§ Work task
What lines below mention the word "CollectI"? Copy each one.

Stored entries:
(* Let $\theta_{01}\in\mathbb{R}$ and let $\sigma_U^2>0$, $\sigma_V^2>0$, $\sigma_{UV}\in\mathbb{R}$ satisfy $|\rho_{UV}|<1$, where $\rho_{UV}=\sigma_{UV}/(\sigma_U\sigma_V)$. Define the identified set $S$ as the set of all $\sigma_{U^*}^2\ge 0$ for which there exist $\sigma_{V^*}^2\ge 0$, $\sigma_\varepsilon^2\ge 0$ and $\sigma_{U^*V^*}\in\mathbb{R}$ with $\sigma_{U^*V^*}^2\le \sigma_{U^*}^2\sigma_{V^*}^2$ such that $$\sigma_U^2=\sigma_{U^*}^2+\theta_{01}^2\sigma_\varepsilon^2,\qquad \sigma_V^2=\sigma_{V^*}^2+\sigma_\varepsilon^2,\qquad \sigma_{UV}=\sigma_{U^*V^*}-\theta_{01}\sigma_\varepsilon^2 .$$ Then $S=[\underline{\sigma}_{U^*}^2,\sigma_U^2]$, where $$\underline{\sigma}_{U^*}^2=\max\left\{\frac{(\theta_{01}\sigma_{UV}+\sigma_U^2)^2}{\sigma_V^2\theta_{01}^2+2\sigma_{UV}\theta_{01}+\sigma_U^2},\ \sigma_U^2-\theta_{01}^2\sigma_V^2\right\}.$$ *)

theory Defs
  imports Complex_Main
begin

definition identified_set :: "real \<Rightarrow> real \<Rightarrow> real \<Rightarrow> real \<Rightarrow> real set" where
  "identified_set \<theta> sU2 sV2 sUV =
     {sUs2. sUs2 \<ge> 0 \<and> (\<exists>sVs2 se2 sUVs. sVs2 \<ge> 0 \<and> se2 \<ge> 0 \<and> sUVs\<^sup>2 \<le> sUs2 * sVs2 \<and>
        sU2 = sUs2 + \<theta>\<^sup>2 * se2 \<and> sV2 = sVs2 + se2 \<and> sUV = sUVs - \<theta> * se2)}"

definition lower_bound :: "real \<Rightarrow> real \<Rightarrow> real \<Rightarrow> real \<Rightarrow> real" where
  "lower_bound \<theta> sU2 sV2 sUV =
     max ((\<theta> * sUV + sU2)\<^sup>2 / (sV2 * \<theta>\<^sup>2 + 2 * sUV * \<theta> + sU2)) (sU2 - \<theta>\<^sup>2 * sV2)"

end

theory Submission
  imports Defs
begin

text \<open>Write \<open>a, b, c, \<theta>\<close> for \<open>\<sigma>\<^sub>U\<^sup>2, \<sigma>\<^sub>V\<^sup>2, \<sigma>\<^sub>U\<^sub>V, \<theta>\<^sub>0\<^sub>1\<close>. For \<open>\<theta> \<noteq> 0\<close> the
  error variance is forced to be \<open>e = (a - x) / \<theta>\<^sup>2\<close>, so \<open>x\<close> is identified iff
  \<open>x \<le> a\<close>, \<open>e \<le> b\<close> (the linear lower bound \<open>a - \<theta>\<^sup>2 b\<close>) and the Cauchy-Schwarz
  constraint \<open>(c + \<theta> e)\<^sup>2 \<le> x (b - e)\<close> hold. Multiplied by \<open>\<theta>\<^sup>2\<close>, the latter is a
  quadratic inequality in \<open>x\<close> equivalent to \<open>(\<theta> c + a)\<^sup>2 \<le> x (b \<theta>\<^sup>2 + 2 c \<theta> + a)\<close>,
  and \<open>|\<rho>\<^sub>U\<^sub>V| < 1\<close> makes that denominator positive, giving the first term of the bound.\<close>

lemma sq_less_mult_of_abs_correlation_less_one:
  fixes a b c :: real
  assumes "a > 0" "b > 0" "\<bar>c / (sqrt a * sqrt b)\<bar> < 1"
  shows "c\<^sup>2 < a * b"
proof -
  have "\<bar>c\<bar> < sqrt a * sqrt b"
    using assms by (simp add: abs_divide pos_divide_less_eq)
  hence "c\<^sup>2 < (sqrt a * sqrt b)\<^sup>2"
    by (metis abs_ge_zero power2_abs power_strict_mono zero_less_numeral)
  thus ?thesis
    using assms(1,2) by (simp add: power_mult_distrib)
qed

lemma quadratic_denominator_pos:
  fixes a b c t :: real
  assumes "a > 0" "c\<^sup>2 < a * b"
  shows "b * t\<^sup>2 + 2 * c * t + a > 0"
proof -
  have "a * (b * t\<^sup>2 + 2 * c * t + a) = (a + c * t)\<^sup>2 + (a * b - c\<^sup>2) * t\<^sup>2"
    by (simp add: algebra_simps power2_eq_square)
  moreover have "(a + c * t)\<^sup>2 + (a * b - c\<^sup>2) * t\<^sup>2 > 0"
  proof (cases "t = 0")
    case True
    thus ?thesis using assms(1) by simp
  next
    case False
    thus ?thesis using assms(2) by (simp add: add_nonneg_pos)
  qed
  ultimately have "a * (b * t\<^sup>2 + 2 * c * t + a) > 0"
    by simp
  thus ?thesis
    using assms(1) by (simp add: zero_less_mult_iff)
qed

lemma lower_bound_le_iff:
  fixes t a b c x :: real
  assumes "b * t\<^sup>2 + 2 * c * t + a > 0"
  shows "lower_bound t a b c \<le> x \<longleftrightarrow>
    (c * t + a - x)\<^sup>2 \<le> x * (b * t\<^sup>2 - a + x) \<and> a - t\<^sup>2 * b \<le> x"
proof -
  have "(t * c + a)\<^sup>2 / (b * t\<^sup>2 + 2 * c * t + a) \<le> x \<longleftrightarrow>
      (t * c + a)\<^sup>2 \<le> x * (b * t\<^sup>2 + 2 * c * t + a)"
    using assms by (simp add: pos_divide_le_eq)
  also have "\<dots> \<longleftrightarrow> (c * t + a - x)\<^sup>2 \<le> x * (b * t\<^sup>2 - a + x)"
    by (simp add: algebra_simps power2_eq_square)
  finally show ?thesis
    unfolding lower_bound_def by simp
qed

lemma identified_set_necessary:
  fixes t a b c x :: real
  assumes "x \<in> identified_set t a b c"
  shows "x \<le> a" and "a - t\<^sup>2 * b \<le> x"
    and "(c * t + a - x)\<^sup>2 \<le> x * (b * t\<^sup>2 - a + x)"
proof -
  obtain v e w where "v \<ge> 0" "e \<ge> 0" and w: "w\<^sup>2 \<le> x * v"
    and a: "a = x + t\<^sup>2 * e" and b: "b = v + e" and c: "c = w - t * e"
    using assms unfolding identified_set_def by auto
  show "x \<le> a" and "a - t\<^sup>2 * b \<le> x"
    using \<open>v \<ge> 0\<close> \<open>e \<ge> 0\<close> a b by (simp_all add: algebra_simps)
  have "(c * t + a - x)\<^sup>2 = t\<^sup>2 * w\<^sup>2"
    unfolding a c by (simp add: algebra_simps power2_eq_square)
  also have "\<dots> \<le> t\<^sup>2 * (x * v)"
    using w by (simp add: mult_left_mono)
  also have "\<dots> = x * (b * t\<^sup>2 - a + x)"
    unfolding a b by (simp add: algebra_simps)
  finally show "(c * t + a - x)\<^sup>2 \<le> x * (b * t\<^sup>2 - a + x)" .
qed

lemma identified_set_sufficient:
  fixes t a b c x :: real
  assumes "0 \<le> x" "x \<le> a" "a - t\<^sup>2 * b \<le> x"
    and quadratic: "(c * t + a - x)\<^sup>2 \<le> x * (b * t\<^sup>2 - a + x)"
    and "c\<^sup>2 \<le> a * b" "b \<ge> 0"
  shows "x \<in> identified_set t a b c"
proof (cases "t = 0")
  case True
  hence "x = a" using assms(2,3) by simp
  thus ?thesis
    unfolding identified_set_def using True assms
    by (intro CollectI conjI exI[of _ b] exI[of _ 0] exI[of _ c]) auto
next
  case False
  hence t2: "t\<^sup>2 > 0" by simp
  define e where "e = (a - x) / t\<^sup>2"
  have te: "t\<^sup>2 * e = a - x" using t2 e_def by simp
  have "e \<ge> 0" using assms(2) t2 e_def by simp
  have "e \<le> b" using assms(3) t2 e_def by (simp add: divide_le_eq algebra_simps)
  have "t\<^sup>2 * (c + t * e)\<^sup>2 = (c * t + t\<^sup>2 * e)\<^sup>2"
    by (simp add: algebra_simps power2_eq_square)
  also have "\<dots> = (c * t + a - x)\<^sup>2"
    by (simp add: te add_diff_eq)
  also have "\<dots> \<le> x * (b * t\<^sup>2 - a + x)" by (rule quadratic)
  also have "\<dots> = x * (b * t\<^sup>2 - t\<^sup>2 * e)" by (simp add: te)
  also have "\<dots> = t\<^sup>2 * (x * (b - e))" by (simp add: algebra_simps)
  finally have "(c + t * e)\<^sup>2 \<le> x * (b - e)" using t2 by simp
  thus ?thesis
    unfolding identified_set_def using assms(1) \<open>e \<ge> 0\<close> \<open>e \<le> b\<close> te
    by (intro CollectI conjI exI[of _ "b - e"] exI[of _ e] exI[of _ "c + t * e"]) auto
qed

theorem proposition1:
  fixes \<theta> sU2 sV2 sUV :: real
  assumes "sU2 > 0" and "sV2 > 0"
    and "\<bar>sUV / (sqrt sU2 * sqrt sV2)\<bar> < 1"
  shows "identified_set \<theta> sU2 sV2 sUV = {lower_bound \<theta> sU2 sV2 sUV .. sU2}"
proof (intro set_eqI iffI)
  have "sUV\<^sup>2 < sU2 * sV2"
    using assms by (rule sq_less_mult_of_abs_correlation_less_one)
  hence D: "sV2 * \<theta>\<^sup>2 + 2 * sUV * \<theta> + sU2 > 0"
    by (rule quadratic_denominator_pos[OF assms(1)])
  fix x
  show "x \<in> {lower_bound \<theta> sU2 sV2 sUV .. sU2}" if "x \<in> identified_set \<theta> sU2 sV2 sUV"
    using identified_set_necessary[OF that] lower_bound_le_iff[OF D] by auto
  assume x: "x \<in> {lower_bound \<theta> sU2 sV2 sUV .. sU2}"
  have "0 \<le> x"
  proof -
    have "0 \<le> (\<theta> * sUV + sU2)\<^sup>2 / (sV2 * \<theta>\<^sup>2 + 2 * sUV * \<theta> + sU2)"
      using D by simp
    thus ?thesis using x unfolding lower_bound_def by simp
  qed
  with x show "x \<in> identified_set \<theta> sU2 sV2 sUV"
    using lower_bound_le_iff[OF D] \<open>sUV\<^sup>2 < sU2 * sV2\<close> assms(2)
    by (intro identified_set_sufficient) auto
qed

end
...
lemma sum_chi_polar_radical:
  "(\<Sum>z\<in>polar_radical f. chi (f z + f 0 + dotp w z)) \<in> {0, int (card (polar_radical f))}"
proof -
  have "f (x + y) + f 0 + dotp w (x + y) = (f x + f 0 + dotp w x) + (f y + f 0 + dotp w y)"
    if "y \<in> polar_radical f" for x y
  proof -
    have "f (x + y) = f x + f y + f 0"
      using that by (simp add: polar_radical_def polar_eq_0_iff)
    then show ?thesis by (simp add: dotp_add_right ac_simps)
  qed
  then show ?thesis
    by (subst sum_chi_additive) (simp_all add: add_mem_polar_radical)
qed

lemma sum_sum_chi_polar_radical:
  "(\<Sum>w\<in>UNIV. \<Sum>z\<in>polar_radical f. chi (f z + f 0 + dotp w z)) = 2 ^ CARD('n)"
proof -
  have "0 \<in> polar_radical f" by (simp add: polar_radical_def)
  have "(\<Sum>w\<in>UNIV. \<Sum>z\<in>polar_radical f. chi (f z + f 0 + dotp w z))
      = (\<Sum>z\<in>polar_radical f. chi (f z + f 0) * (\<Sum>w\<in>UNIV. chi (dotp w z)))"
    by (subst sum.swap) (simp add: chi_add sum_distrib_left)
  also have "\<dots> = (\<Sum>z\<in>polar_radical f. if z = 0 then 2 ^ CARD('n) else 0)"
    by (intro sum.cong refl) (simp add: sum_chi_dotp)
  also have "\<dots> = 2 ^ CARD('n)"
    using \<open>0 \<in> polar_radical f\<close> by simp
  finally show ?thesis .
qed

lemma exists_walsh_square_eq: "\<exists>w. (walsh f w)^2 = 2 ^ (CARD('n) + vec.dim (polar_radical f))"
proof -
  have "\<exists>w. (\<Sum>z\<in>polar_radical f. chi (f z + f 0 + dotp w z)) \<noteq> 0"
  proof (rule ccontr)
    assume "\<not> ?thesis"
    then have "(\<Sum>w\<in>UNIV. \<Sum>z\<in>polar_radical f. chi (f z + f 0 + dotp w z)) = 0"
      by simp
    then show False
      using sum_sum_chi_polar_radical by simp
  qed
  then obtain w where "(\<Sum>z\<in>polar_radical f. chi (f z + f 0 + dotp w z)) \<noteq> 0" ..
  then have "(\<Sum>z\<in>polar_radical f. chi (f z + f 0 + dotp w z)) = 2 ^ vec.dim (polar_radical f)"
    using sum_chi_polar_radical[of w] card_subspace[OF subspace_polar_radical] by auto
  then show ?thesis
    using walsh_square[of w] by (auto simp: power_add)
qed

§ Task solution
    by (intro CollectI conjI exI[of _ b] exI[of _ 0] exI[of _ c]) auto
    by (intro CollectI conjI exI[of _ "b - e"] exI[of _ e] exI[of _ "c + t * e"]) auto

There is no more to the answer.